Thanks very much for releasing this code base - I've enjoyed working with it.
@ @kellymarchisio I am sorry for late response. Your loss is so strange that it varies significantly ranging from the upper bound and lower bound. In our experiments, the loss should decrease smoothly. Have you shuffled your training data?
@ZhenYangIACAS Yes, the training data is being shuffled. Now on Epoch 5, the model has begun to overfit. The peak was ~0.71-0.72 in earlier epochs. This config I'm using is below. Does anything look amiss here?
The training accuracy is now 0.75-0.90 per batch, but dev accuracy stays 0.61-0.71, as it was in epoch 2, except in epoch 2 the performance was more consistent.
@kellymarchisio There is no obvious error for your configuration.
@ZhenYangIACAS thanks for taking a look. To verify, should dis_positive_data, dis_negative_data, etc. look like regular sentences like:
This is a sentence .
Or do I have to pad the text file sent to the config so they look like:
<S> This is a sentence . </S> <PAD> <PAD> <PAD>...
I believe I've tried both, but your verification would be helpful.
@kellymarchisio You do not need to add the padding to the files manually. The code will do it automatically.
@ZhenYangIACAS Thank you for the clarification. According to your paper, I won't be able to reproduce the GAN training unless I get 82% accuracy. A few quick related questions:
I am sure that all of the parameters which show much effect on the translation performance are described detailed in our paper. We did not use pre-trained word embeddings. You can find the initialization method in our code. I remember that when we use the Transformer as the generator, the accuracy is hard to get to more than 90%. For your problem, it seems that a bug exists, but I am not sure.
@kellymarchisio How did you find dev accuracy in discriminator? I am using transformer as a generator. Code for finding dev accuracy is commented in cnn_discriminator.py file. I used this code but it shows several values in validation accuracy and they vary a lot.
@kellymarchisio Hi,Can you show me your data sample in config_discriminator_pretrain.yaml?for example,dis_positive_data dis_negative_data and so on. thanks
@ZhenYangIACAS Hi, I see many data sample in config_discriminator_pretrain.yaml,for example: dis_positive_data,dis_negative_data,dis_dev_positive_data and so on,Can you tell me what means about this data? What data do I need to prepare if Iwant to run the code successfully? Thanks!!!!!
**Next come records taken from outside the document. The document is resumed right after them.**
(* Let $m\ge0$ be an integer. Let $\psi\in C^\infty\big(\mathbb{R}^n\times(\mathbb{R}^n\setminus\{0\})\big)$ be positively homogeneous of degree $m-1$ in $\xi$ and satisfy $\psi(x+\tau\xi,\xi)=\psi(x,\xi)$ for all $\tau\in\mathbb{R}$. Let $\varphi$ be its restriction to $T\mathbb{S}^{n-1}$. Then for all indices $1\le i_1,j_1,\dots,i_{m+1},j_{m+1}\le n$, $$(J_{i_1j_1}\cdots J_{i_{m+1}j_{m+1}}\psi)|_{T\mathbb{S}^{n-1}}=D_1D_2\cdots D_{m+1}\varphi,$$ where $$D_l=\mathcal{J}_{i_lj_l}-(l-1)\big(\xi_{i_l}X_{j_l}-\xi_{j_l}X_{i_l}\big),$$ and the composition is taken with $D_1$ leftmost.
   Context: $T\mathbb{S}^{n-1}=\{(x,\xi):|\xi|=1,\ \langle x,\xi\rangle=0\}$. Positive homogeneity of degree $\lambda$ in $\xi$ means $\psi(x,c\xi)=c^\lambda\psi(x,\xi)$ for $c>0$. The John operators are $J_{ij}=\partial^2/\partial x^i\partial\xi^j-\partial^2/\partial x^j\partial\xi^i$. Define vector fields on $\mathbb{R}^n\times\mathbb{R}^n$ (summation over $p$) $$\tilde X_i=\partial/\partial x^i-\xi_i\xi^p\,\partial/\partial x^p,\qquad \tilde\Xi_i=\partial/\partial\xi^i-x_i\xi^p\,\partial/\partial x^p-\xi_i\xi^p\,\partial/\partial\xi^p.$$ These are tangent to $T\mathbb{S}^{n-1}$; $X_i,\Xi_i$ are their restrictions, and $\mathcal{J}_{ij}=X_i\Xi_j-X_j\Xi_i$. Here $\xi_i=\xi^i$ acts by multiplication. *)

theory Defs
  imports "HOL-Analysis.Analysis"
begin

type_synonym 'n phase = "(real^'n) \<times> (real^'n)"

fun Ck_on :: "nat \<Rightarrow> 'a::euclidean_space set \<Rightarrow> ('a \<Rightarrow> real) \<Rightarrow> bool" where
  "Ck_on 0 U f = continuous_on U f"
| "Ck_on (Suc k) U f = (f differentiable_on U \<and>
     (\<forall>b\<in>Basis. Ck_on k U (\<lambda>p. frechet_derivative f (at p) b)))"

definition smooth_on :: "'a::euclidean_space set \<Rightarrow> ('a \<Rightarrow> real) \<Rightarrow> bool" where
  "smooth_on U f = (\<forall>k. Ck_on k U f)"

definition dx :: "'n::finite \<Rightarrow> ('n phase \<Rightarrow> real) \<Rightarrow> 'n phase \<Rightarrow> real" where
  "dx i f p = frechet_derivative f (at p) (axis i 1, 0)"

definition dxi :: "'n::finite \<Rightarrow> ('n phase \<Rightarrow> real) \<Rightarrow> 'n phase \<Rightarrow> real" where
  "dxi i f p = frechet_derivative f (at p) (0, axis i 1)"

definition John :: "'n::finite \<Rightarrow> 'n \<Rightarrow> ('n phase \<Rightarrow> real) \<Rightarrow> 'n phase \<Rightarrow> real" where
  "John i j f p = dx i (dxi j f) p - dx j (dxi i f) p"

definition TS :: "'n::finite phase set" where
  "TS = {(x, \<xi>). norm \<xi> = 1 \<and> x \<bullet> \<xi> = 0}"

definition tX :: "'n::finite \<Rightarrow> ('n phase \<Rightarrow> real) \<Rightarrow> 'n phase \<Rightarrow> real" where
  "tX i f p = dx i f p - snd p $ i * (\<Sum>k\<in>UNIV. snd p $ k * dx k f p)"

definition tXi :: "'n::finite \<Rightarrow> ('n phase \<Rightarrow> real) \<Rightarrow> 'n phase \<Rightarrow> real" where
  "tXi i f p = dxi i f p - fst p $ i * (\<Sum>k\<in>UNIV. snd p $ k * dx k f p)
                         - snd p $ i * (\<Sum>k\<in>UNIV. snd p $ k * dxi k f p)"

text \<open>Functions on T S^{n-1} are represented by functions on R^n x R^n of which only the
 values on TS matter.  To apply the restricted fields X_i, Xi_i we extend such a function
 smoothly off TS by composing with the smooth retraction
 (x,xi) |-> (x - (x.xi/|xi|^2) xi, xi/|xi|) onto TS (defined for xi /= 0).
 Since the tilde fields are tangent to TS, the result on TS does not depend on the extension.\<close>
definition ext :: "('n::finite phase \<Rightarrow> real) \<Rightarrow> 'n phase \<Rightarrow> real" where
  "ext g p = g (fst p - ((fst p \<bullet> snd p) / (snd p \<bullet> snd p)) *\<^sub>R snd p,
                (1 / norm (snd p)) *\<^sub>R snd p)"

definition rX :: "'n::finite \<Rightarrow> ('n phase \<Rightarrow> real) \<Rightarrow> 'n phase \<Rightarrow> real" where
  "rX i g = tX i (ext g)"

definition rXi :: "'n::finite \<Rightarrow> ('n phase \<Rightarrow> real) \<Rightarrow> 'n phase \<Rightarrow> real" where
  "rXi i g = tXi i (ext g)"

definition rJohn :: "'n::finite \<Rightarrow> 'n \<Rightarrow> ('n phase \<Rightarrow> real) \<Rightarrow> 'n phase \<Rightarrow> real" where
  "rJohn i j g p = rX i (rXi j g) p - rX j (rXi i g) p"

definition Dop :: "(nat \<Rightarrow> 'n::finite) \<Rightarrow> (nat \<Rightarrow> 'n) \<Rightarrow> nat \<Rightarrow> ('n phase \<Rightarrow> real) \<Rightarrow> 'n phase \<Rightarrow> real" where
  "Dop I J l g p = rJohn (I l) (J l) g p
     - (real l - 1) * (snd p $ (I l) * rX (J l) g p - snd p $ (J l) * rX (I l) g p)"

end

theory Submission
  imports Defs
begin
@ @luckper dis_positive_data is the positive data for training the discriminator and dis_negative_data is the negative data for training the discriminator. dis_dev_positive_data is the development data for training discriminator, and so on...For understanding these files, I suggest that you should scan gan_train.py. Some files are what you should prepare beforehand, and some other files are generated automatically. I notice that so many files are a little messy for the users. We will re-construct our codes if we have free time.
@ZhenYangIACAS OK,pass your suggestion,I scan gan_train.py . However, I still have some questions. First, where dis_dev_positive_data , dis_dev_negative_data , dis_dev_source_data come from? And what is different from dis_positive_data,dis_negative_data,dis_source_data? Thanks!!!!!
@luckper I think it is easy to get the development data sets. We just randomly sampled 200 sentences from the dis_positive_data to get the dis_dev_positive_data, and similarly, we get the corresponding dis_negative_data and dis_source_data.
@ZhenYangIACAS Hi, I run the generate_sample.sh, but some errors have occurred:
Instructions for updating:
Use argmax
instead
using rmsprop for g_loss
Traceback (most recent call last):
File "generate_samples.py", line 60, in argmax
instead
INFO:root:using rmsprop for g_loss
@ZhenYangIACAS @luckper have you solved "KeyError: 'generator'" error.
I'm hoping for clarification on the files passed into config_discriminator.yaml.
As I understand it:
Is my understanding correct? Can you please provide clarification on how the files in the discriminator pretraining are created?
For context, I am trying to solve an issue where when running the discriminator pretraining, my loss falls to 2-3, but the accuracy always oscillates around 0.5 - even after 700K steps.